Recommendation AI

How Adidas Lifted AOV 259% with Recommendation AI

Adidas deployed AI recommendations and lifted average order value 259%, conversion 13%, and revenue per user 18.5% in a single month.

3 min read
Adidas — Recommendation AI case study cover for the CartAmplify blog

Why can a recommendation engine move average order value so dramatically, so fast? Because the right suggestion at the right stage of the journey changes what — and how much — a shopper buys. Adidas saw it happen in a single month after deploying AI recommendations.

The result: Adidas achieved a 259% increase in average order value, a 13% conversion lift, and an 18.5% rise in revenue per user within one month of deploying AI-powered recommendations.

Matching the recommendation to the moment#

The power of Adidas’s implementation was stage-aware recommendation: showing new users best-sellers to build trust, giving frequent browsers personalized suggestions based on their behavior, and presenting recent buyers with frequently-bought-together items. Each shopper got the recommendation that fit their point in the journey — and that precision is what drove a 259% AOV lift.

A generic “recommended for you” row treats everyone the same. Adidas’s engine recognized that a first-time visitor and a returning browser need different nudges, and tailored accordingly.

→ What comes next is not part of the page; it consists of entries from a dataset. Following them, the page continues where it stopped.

lemma uniform_limit_gauss_transform_at_top:
  fixes \<sigma> \<mu> :: "real \<Rightarrow> real" and P :: "real \<Rightarrow> real \<Rightarrow> real"
  assumes K: "compact K" and \<sigma>: "continuous_on K \<sigma>" "\<And>\<tau>. \<tau> \<in> K \<Longrightarrow> \<sigma> \<tau> \<ge> 0"
    and \<mu>: "continuous_on K \<mu>"
    and [measurable]: "\<And>s. P s \<in> borel_measurable borel"
    and P: "\<And>s t. s \<in> \<sigma> ` K \<Longrightarrow> \<bar>P s t\<bar> \<le> B * exp \<bar>t\<bar>"
  shows "uniform_limit K (\<lambda>y \<tau>. gauss_transform f (\<sigma> \<tau>) (P (\<sigma> \<tau>)) (ln y - \<mu> \<tau>)) (\<lambda>\<tau>. 0) at_top"
proof (rule uniform_limit_sequentiallyI[OF K continuous_on_const eventually_at_top_sequentiallyI])
  have "bounded (\<sigma> ` K)"
    by (intro compact_imp_bounded compact_continuous_image \<sigma> K)
  then obtain smax where smax: "\<And>\<tau>. \<tau> \<in> K \<Longrightarrow> \<sigma> \<tau> \<le> smax"
    by (auto simp: bounded_iff dest: abs_le_D1)
  fix Y T :: "nat \<Rightarrow> real" and \<tau> :: real assume Y: "filterlim Y at_top sequentially" and T: "\<And>n. T n \<in> K"
    and T_lim: "T \<longlonglongrightarrow> \<tau>" and "\<tau> \<in> K"
  have "(\<lambda>n. \<mu> (T n)) \<longlonglongrightarrow> \<mu> \<tau>"
    using continuous_on_tendsto_compose[OF \<mu> T_lim \<open>\<tau> \<in> K\<close>] T by simp
  then have "filterlim (\<lambda>n. - \<mu> (T n) + ln (Y n)) at_top sequentially"
    by (rule filterlim_tendsto_add_at_top[OF tendsto_minus filterlim_compose[OF ln_at_top Y]])
  then show "(\<lambda>n. gauss_transform f (\<sigma> (T n)) (P (\<sigma> (T n))) (ln (Y n) - \<mu> (T n))) \<longlonglongrightarrow> 0"
    by (intro gauss_transform_tendsto_at_top[where smax = smax and B = B])
      (use T \<sigma>(2) smax P in auto)
qed

lemma uniform_limit_gauss_transform_at_right_0:
  fixes \<sigma> \<mu> :: "real \<Rightarrow> real" and P :: "real \<Rightarrow> real \<Rightarrow> real"
  assumes K: "compact K" and \<sigma>: "continuous_on K \<sigma>" "\<And>\<tau>. \<tau> \<in> K \<Longrightarrow> \<sigma> \<tau> \<ge> 0"
    and \<mu>: "continuous_on K \<mu>"
    and [measurable]: "\<And>s. P s \<in> borel_measurable borel"
    and P: "\<And>s t. s \<in> \<sigma> ` K \<Longrightarrow> \<bar>P s t\<bar> \<le> B * exp \<bar>t\<bar>"
    and P_cont: "\<And>s t. s \<in> \<sigma> ` K \<Longrightarrow> isCont (\<lambda>s. P s t) s"
    and P_mean: "\<And>s. s \<in> \<sigma> ` K \<Longrightarrow> (\<integral>t. normal_density (- (q * s)) 1 t * P s t \<partial>lborel) = c"
  shows "uniform_limit K (\<lambda>y \<tau>. gauss_transform f (\<sigma> \<tau>) (P (\<sigma> \<tau>)) (ln y - \<mu> \<tau>)
    / exp (q * (ln y - \<mu> \<tau>) + q\<^sup>2 * (\<sigma> \<tau>)\<^sup>2 / 2)) (\<lambda>\<tau>. c) (at_right 0)"
proof (rule uniform_limit_sequentiallyI[OF K continuous_on_const eventually_at_right_sequentiallyI])
  have "bounded (\<sigma> ` K)"
    by (intro compact_imp_bounded compact_continuous_image \<sigma> K)
  then obtain smax where smax: "\<And>\<tau>. \<tau> \<in> K \<Longrightarrow> \<sigma> \<tau> \<le> smax"
    by (auto simp: bounded_iff dest: abs_le_D1)
  fix Y T :: "nat \<Rightarrow> real" and \<tau> :: real assume Y: "filterlim Y (at_right 0) sequentially" and T: "\<And>n. T n \<in> K"
    and T_lim: "T \<longlonglongrightarrow> \<tau>" and "\<tau> \<in> K"
  have "(\<lambda>n. \<mu> (T n)) \<longlonglongrightarrow> \<mu> \<tau>"
    using continuous_on_tendsto_compose[OF \<mu> T_lim \<open>\<tau> \<in> K\<close>] T by simp
  moreover have "filterlim (\<lambda>n. - ln (Y n)) at_top sequentially"
    using filterlim_compose[OF ln_at_0 Y] by (simp add: filterlim_uminus_at_bot)
  ultimately have "filterlim (\<lambda>n. \<mu> (T n) + - ln (Y n)) at_top sequentially"
    by (rule filterlim_tendsto_add_at_top)
  then have X: "filterlim (\<lambda>n. ln (Y n) - \<mu> (T n)) at_bot sequentially"
    by (simp add: filterlim_uminus_at_bot algebra_simps)
  have S_lim: "(\<lambda>n. \<sigma> (T n)) \<longlonglongrightarrow> \<sigma> \<tau>"
    using continuous_on_tendsto_compose[OF \<sigma>(1) T_lim \<open>\<tau> \<in> K\<close>] T by simp
  have "(\<lambda>n. gauss_transform f (\<sigma> (T n)) (P (\<sigma> (T n))) (ln (Y n) - \<mu> (T n))
      / exp (q * (ln (Y n) - \<mu> (T n)) + q\<^sup>2 * (\<sigma> (T n))\<^sup>2 / 2))
    \<longlonglongrightarrow> (\<integral>t. normal_density (- (q * \<sigma> \<tau>)) 1 t * P (\<sigma> \<tau>) t \<partial>lborel)"
    using T \<sigma>(2) smax P \<open>\<tau> \<in> K\<close>
    by (intro gauss_transform_tendsto_at_bot[OF X S_lim, where smax = smax and B = B]
        isCont_tendsto_compose[OF P_cont S_lim]) auto
  then show "(\<lambda>n. gauss_transform f (\<sigma> (T n)) (P (\<sigma> (T n))) (ln (Y n) - \<mu> (T n))
      / exp (q * (ln (Y n) - \<mu> (T n)) + q\<^sup>2 * (\<sigma> (T n))\<^sup>2 / 2)) \<longlonglongrightarrow> c"
    using P_mean \<open>\<tau> \<in> K\<close> by simp
qed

How recommendation AI works#

Recommendation AI predicts what each shopper wants and surfaces it — and the best implementations adapt to where the shopper is in their journey.

Three mechanics drove Adidas’s result. The engine personalizes by stage, showing best-sellers to new users and behavior-based picks to frequent browsers. It drives complementary discovery, suggesting frequently-bought-together items that grow the basket. And it optimizes placement, surfacing the right recommendation type in the right context.

Why stage-aware recommendations lift AOV so much#

A 259% AOV lift comes from recommending not just relevant products, but the right kind of product for the moment. Frequently-bought-together suggestions to a buyer grow the basket; personalized picks to a browser deepen engagement; best-sellers to a newcomer build confidence. Treating the journey as stages — rather than showing one recommendation row to everyone — multiplies the impact, because each suggestion lands when it’s most likely to be acted on.

What this means for your store#

Any store can apply stage-aware recommendations:

  • Tailor recommendations to journey stage — best-sellers for new visitors, personalized picks for browsers, complements for buyers.
  • Use frequently-bought-together suggestions to grow average order value.
  • Place each recommendation type where it’s most relevant.

The same engine, made stage-aware, converts far better. Match the recommendation to the moment.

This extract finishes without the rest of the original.